If I did agree with the protest’s aims I would have been more than willing to give up my lunch time meal of a Cornish pie and chips. However, this was not the case.
Vice-Chancellor Jansen’s decision is solely based on the ideals of forgiveness and reconciliation. The charges of the Reitz 4 have not been dropped. Their case is on-going with the UFS, the Human Rights Commission and the Directorate of Special Prosecutions. By allowing these perpetrators to continue their tertiary education is an act of transformation and an attempt to emulate the actions of the men who built the country we live in today. Archbishop Desmond Tutu pointed out in a letter to Vice-Chancellor Jansen that Nelson Mandela is a man much admired today because of his ability to forgive rather than his ability to execute revenge.

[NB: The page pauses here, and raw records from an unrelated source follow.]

lemma psh_colim_qcomp_le:
  assumes h: "\<forall>W\<in>cob C. presheaf Q E (cext C W) (h W)" and l: "presheaf Q C T l" and X: "X \<in> cob E"
    and w: "w \<in> qhom Q T T'" and v: "v \<in> qhom Q (cext E X) T'"
    and le: "\<And>W. W \<in> cob C \<Longrightarrow> w \<cdot> (l W \<cdot> h W X) \<sqsubseteq> v"
  shows "w \<cdot> psh_colim Q E C h T l X \<sqsubseteq> v"
  using qcomp_qsup_le[OF w psh_colim_terms_in_qhom[OF h l X] v] le X by (auto simp: psh_colim_def)

lemma presheaf_psh_colim:
  assumes E: "qcategory Q E" and h: "\<forall>W\<in>cob C. presheaf Q E (cext C W) (h W)"
    and l: "presheaf Q C T l"
  shows "presheaf Q E T (psh_colim Q E C h T l)"
  unfolding presheaf_def
proof (intro conjI ballI allI impI)
  fix X X' assume X: "X \<in> cob E" and X': "X' \<in> cob E"
  have hX: "h W X \<in> qhom Q (cext E X) (cext C W)" if "W \<in> cob C" for W
    using presheaf_in_qhom[of E "cext C W" "h W" X] h that X by blast
  have "qsup Q (cext E X) T {l W \<cdot> h W X | W. W \<in> cob C} \<cdot> chom E X' X \<sqsubseteq> psh_colim Q E C h T l X'"
  proof (rule qsup_qcomp_le[OF qcategory_hom[OF E X' X] psh_colim_terms_in_qhom[OF h l X]
        psh_colim_in_qhom[OF h l X']])
    fix s assume "s \<in> {l W \<cdot> h W X | W. W \<in> cob C}"
    then obtain W where W: "W \<in> cob C" and s: "s = l W \<cdot> h W X" by blast
    have "s \<cdot> chom E X' X = l W \<cdot> (h W X \<cdot> chom E X' X)"
      unfolding s by (rule qcomp_assoc[OF qcategory_hom[OF E X' X] hX[OF W] presheaf_in_qhom[OF l W],
            symmetric])
    also have "\<dots> \<sqsubseteq> l W \<cdot> h W X'"
    proof -
      have hW: "presheaf Q E (cext C W) (h W)" using h W by blast
      show ?thesis by (rule qcomp_mono_right[OF presheaf_qcomp_le[OF hW X X'] presheaf_in_qhom[OF hW X']
          presheaf_in_qhom[OF l W]])
    qed
    also have "\<dots> \<sqsubseteq> psh_colim Q E C h T l X'" by (rule psh_colim_upper[OF h l X' W])
    finally show "s \<cdot> chom E X' X \<sqsubseteq> psh_colim Q E C h T l X'" .
  qed
  then show "psh_colim Q E C h T l X \<cdot> chom E X' X \<sqsubseteq> psh_colim Q E C h T l X'"
    using X by (simp add: psh_colim_def)
qed (use psh_colim_in_qhom[OF h l] in \<open>simp_all add: psh_colim_def\<close>)

lemma psh_hom_psh_colim_qcomp_le:
  assumes E: "qcategory Q E" and h: "\<forall>W\<in>cob C. presheaf Q E (cext C W) (h W)"
    and l: "presheaf Q C T l" and \<psi>: "presheaf Q E T' \<psi>" and W: "W \<in> cob C"
  shows "psh_hom Q E (psh_colim Q E C h T l, T) (\<psi>, T') \<cdot> l W \<sqsubseteq> psh_hom Q E (h W, cext C W) (\<psi>, T')"
proof -
  let ?a = "psh_hom Q E (psh_colim Q E C h T l, T) (\<psi>, T')"
  have \<sigma>: "presheaf Q E T (psh_colim Q E C h T l)" by (rule presheaf_psh_colim[OF E h l])
  have hW: "presheaf Q E (cext C W) (h W)" using h W by blast
  show ?thesis
  proof (rule psh_hom_greatest[OF hW \<psi> qcomp_in_qhom[OF presheaf_in_qhom[OF l W] psh_hom_in_qhom]])
    fix X assume X: "X \<in> cob E"
    have "(?a \<cdot> l W) \<cdot> h W X = ?a \<cdot> (l W \<cdot> h W X)"
      by (rule qcomp_assoc[OF presheaf_in_qhom[OF hW X] presheaf_in_qhom[OF l W] psh_hom_in_qhom,
            symmetric])
    also have "\<dots> \<sqsubseteq> ?a \<cdot> psh_colim Q E C h T l X"
      by (rule qcomp_mono_right[OF psh_colim_upper[OF h l X W] presheaf_in_qhom[OF \<sigma> X]
            psh_hom_in_qhom])
    also have "\<dots> \<sqsubseteq> \<psi> X" by (rule psh_hom_qcomp_le[OF \<sigma> \<psi> X])
    finally show "(?a \<cdot> l W) \<cdot> h W X \<sqsubseteq> \<psi> X" .
  qed
qed

lemma psh_hom_psh_colim:
  assumes E: "qcategory Q E" and C: "qcategory Q C"
    and h: "\<forall>W\<in>cob C. presheaf Q E (cext C W) (h W)"
    and ff: "\<And>W W'. W \<in> cob C \<Longrightarrow> W' \<in> cob C \<Longrightarrow>
      psh_hom Q E (h W', cext C W') (h W, cext C W) = chom C W' W"
    and l: "presheaf Q C T l" and W: "W \<in> cob C"
  shows "psh_hom Q E (psh_colim Q E C h T l, T) (h W, cext C W) = psh_hom Q C (l, T) (yoneda Q C W)"
proof -
  let ?a = "psh_hom Q E (psh_colim Q E C h T l, T) (h W, cext C W)"
  let ?b = "psh_hom Q C (l, T) (fst (yoneda Q C W), cext C W)"
  have \<sigma>: "presheaf Q E T (psh_colim Q E C h T l)" by (rule presheaf_psh_colim[OF E h l])
  have hW: "presheaf Q E (cext C W) (h W)" using h W by blast
  have hv: "h W' X \<in> qhom Q (cext E X) (cext C W')" if "W' \<in> cob C" "X \<in> cob E" for W' X
    using presheaf_in_qhom[of E "cext C W'" "h W'" X] h that by blast
  have "?a \<sqsubseteq> ?b"
    by (rule psh_hom_greatest[OF l presheaf_yoneda[OF C W] psh_hom_in_qhom])
      (use psh_hom_psh_colim_qcomp_le[OF E h l hW] ff[OF W] in \<open>simp add: yoneda_def\<close>)
  moreover have "?b \<sqsubseteq> ?a"
  proof (rule psh_hom_greatest[OF \<sigma> hW psh_hom_in_qhom])
    fix X assume X: "X \<in> cob E"
    show "?b \<cdot> psh_colim Q E C h T l X \<sqsubseteq> h W X"
    proof (rule psh_colim_qcomp_le[OF h l X psh_hom_in_qhom hv[OF W X]])
      fix W' assume W': "W' \<in> cob C"
      have "?b \<cdot> (l W' \<cdot> h W' X) = (?b \<cdot> l W') \<cdot> h W' X"
        by (rule qcomp_assoc[OF hv[OF W' X] presheaf_in_qhom[OF l W'] psh_hom_in_qhom])
      also have "\<dots> \<sqsubseteq> chom C W' W \<cdot> h W' X"
        using qcomp_mono_left[OF psh_hom_qcomp_le[OF l presheaf_yoneda[OF C W] W']
            _ hv[OF W' X]] qcategory_hom[OF C W' W] W' by (simp add: yoneda_def)
      also have "\<dots> \<sqsubseteq> h W X"
        using psh_hom_qcomp_le[OF _ hW X] h W' ff[OF W W'] by fastforce
      finally show "?b \<cdot> (l W' \<cdot> h W' X) \<sqsubseteq> h W X" .
    qed
  qed
  ultimately show ?thesis by (simp add: qle_antisym yoneda_def)
qed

A case many years ago that we cannot forget is that of Amy Biehl. An American woman who’s work is greatly respected and marvelled at the world over. Unfortunately she was brutally murdered in 1993 as an act of ‘political mob violence’. Her parents participated in the Truth and Reconciliation Commission’s hearing and publicly forgave these men.

Therefore, I must ask members of the student body to remember such men and women and why we revere them. It is forgiveness, rather than retribution, that will serve us well in the long term.